**** Records shown ****
(* Let $F$ be a finite extension of $\mathbb{Q}_p$, $G$ a finite abelian group of odd order, and $h\in\mathrm{Hom}(\Omega_F,G)$ wildly and weakly ramified with $[F^h:F]=p$. Put $L=F^h$, let $\tau$ generate $\mathrm{Gal}(L/F)$, let $\zeta$ be a primitive $p$-th root of unity, let $\alpha'\in A^h$ with $A^h=\mathcal{O}_F\mathrm{Gal}(L/F)\cdot\alpha'$, and $y_i=\sum_{k\in\mathbb{F}_p}\tau^k(\alpha')\zeta^{-ik}$ for $i\in\mathbb F_p$. Let $n\mid p-1$ be such that the image of $\mathrm{Gal}(F(\zeta)/F)$ in $\mathbb F_p^\times$ (via $\omega(\zeta)=\zeta^i$) equals $R_n$, let $d\in\mathbb F_p$ be the class of $(p-1)/n$, and let $\widetilde\tau\in\mathrm{Gal}(L(\zeta)/F(\zeta))$ be the element restricting to $\tau$ on $L$. Then for all $j,k\in\mathbb{F}_p$, \[ \widetilde{\tau}^{j}\Big(\prod_{i\in R_n}y_i^{c(i^{-1}k)}\Big)=\zeta^{jkd}\prod_{i\in R_n}y_i^{c(i^{-1}k)}, \] and consequently, with $\alpha=\frac1p\sum_{k\in\mathbb F_p}\prod_{i\in R_n}y_i^{c(i^{-1}k)}$, for all $j\in\mathbb F_p$, \[ \tau^j(\alpha)=\frac{1}{p}\sum_{k\in\mathbb{F}_p}\Big(\zeta^{jkd}\prod_{i\in R_n}y_i^{c(i^{-1}k)}\Big). \]
   Context: $F^h$ is the fixed field of $\ker h$ in $F^c$; wildly/weakly ramified refer to $F^h/F$ being wildly ramified / having trivial second lower ramification group. $A^h$ is the square root of the inverse different of $L/F$. Since $[L:F]=p$ and $[F(\zeta):F]$ are coprime, $\mathrm{Gal}(L(\zeta)/F)\cong\mathrm{Gal}(F(\zeta)/F)\times\mathrm{Gal}(L/F)$, so $\widetilde\tau$ is well defined, and $\alpha\in L$. $R_n=(\mathbb F_p^\times)^n$; $i^{-1}$ is the inverse in $\mathbb F_p^\times$; $c(i)$ is the unique integer in $[\frac{1-p}2,\frac{p-1}2]$ representing $i\in\mathbb F_p$; $\zeta^j$ and $\tau^j$ for $j\in\mathbb F_p$ mean powers by any integer representative. *)

theory Defs
  imports "HOL-Number_Theory.Number_Theory"
begin

definition centred_rep :: "nat \<Rightarrow> int \<Rightarrow> int" where
  "centred_rep p x = (THE r. (1 - int p) div 2 \<le> r \<and> r \<le> (int p - 1) div 2 \<and> [r = x] (mod int p))"

definition fp_div :: "nat \<Rightarrow> nat \<Rightarrow> nat \<Rightarrow> nat" where
  "fp_div p k i = (THE m. m < p \<and> [i * m = k] (mod p))"

definition Rn :: "nat \<Rightarrow> nat \<Rightarrow> nat set" where
  "Rn p n = {(x ^ n) mod p | x. 1 \<le> x \<and> x < p}"

definition yvec :: "nat \<Rightarrow> ('a::field \<Rightarrow> 'a) \<Rightarrow> 'a \<Rightarrow> 'a \<Rightarrow> nat \<Rightarrow> 'a" where
  "yvec p \<tau> \<zeta> \<alpha>' i = (\<Sum>k<p. (\<tau> ^^ k) \<alpha>' * \<zeta> powi (- (int i * int k)))"

definition Pk :: "nat \<Rightarrow> nat \<Rightarrow> ('a::field \<Rightarrow> 'a) \<Rightarrow> 'a \<Rightarrow> 'a \<Rightarrow> nat \<Rightarrow> 'a" where
  "Pk p n \<tau> \<zeta> \<alpha>' k = (\<Prod>i\<in>Rn p n. yvec p \<tau> \<zeta> \<alpha>' i powi centred_rep p (int (fp_div p k i)))"

end

theory Submission
  imports Defs
begin

(*
  Each y_i is a Lagrange resolvent: shifting the summation index gives \<tau>(y_i) = \<zeta>^i y_i.
  Hence \<tau>^j multiplies P_k = \<Prod>_i y_i^c(i\<^sup>-\<^sup>1 k) by \<zeta> raised to j \<Sum>_i i c(i\<^sup>-\<^sup>1 k).
  Every summand is congruent to k mod p, and R_n, the subgroup of index n of the cyclic group
  of units mod p, has (p - 1)/n elements; so the exponent is j k (p - 1)/n mod p. The formula
  for \<tau>^j(\<alpha>) follows by additivity.
*)

lemma centred_rep_cong:
  assumes "p > 0"
  shows "[centred_rep p x = x] (mod int p)"
proof -
  define P where "P = int p"
  have "P > 0" using assms by (simp add: P_def)
  define m where "m = x mod P"
  have m: "0 \<le> m" "m < P" "[m = x] (mod P)"
    using \<open>P > 0\<close> by (simp_all add: m_def cong_def)
  define r where "r = (if m \<le> (P - 1) div 2 then m else m - P)"
  have "[r = m] (mod P)" by (simp add: r_def cong_def)
  with m have r: "(1 - P) div 2 \<le> r \<and> r \<le> (P - 1) div 2 \<and> [r = x] (mod P)"
    unfolding r_def by (auto intro: cong_trans)
  have uniq: "r' = r" if "(1 - P) div 2 \<le> r' \<and> r' \<le> (P - 1) div 2 \<and> [r' = x] (mod P)" for r'
  proof -
    have "[r' = r] (mod P)" using that r by (metis cong_sym cong_trans)
    moreover have "\<bar>r' - r\<bar> < P" using that r by auto
    ultimately have "r' - r = 0"
      using dvd_imp_le_int[of "r' - r" P] by (auto simp: cong_iff_dvd_diff)
    then show ?thesis by simp
  qed
  have "centred_rep p x = r"
    unfolding centred_rep_def P_def[symmetric] by (rule the_equality, fact r, erule uniq)
  with r show ?thesis by (simp add: P_def)
qed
****
With "auto" as the search string, filter the records and return each line that has it.

    unfolding r_def by (auto intro: cong_trans)
    moreover have "\<bar>r' - r\<bar> < P" using that r by auto
      using dvd_imp_le_int[of "r' - r" P] by (auto simp: cong_iff_dvd_diff)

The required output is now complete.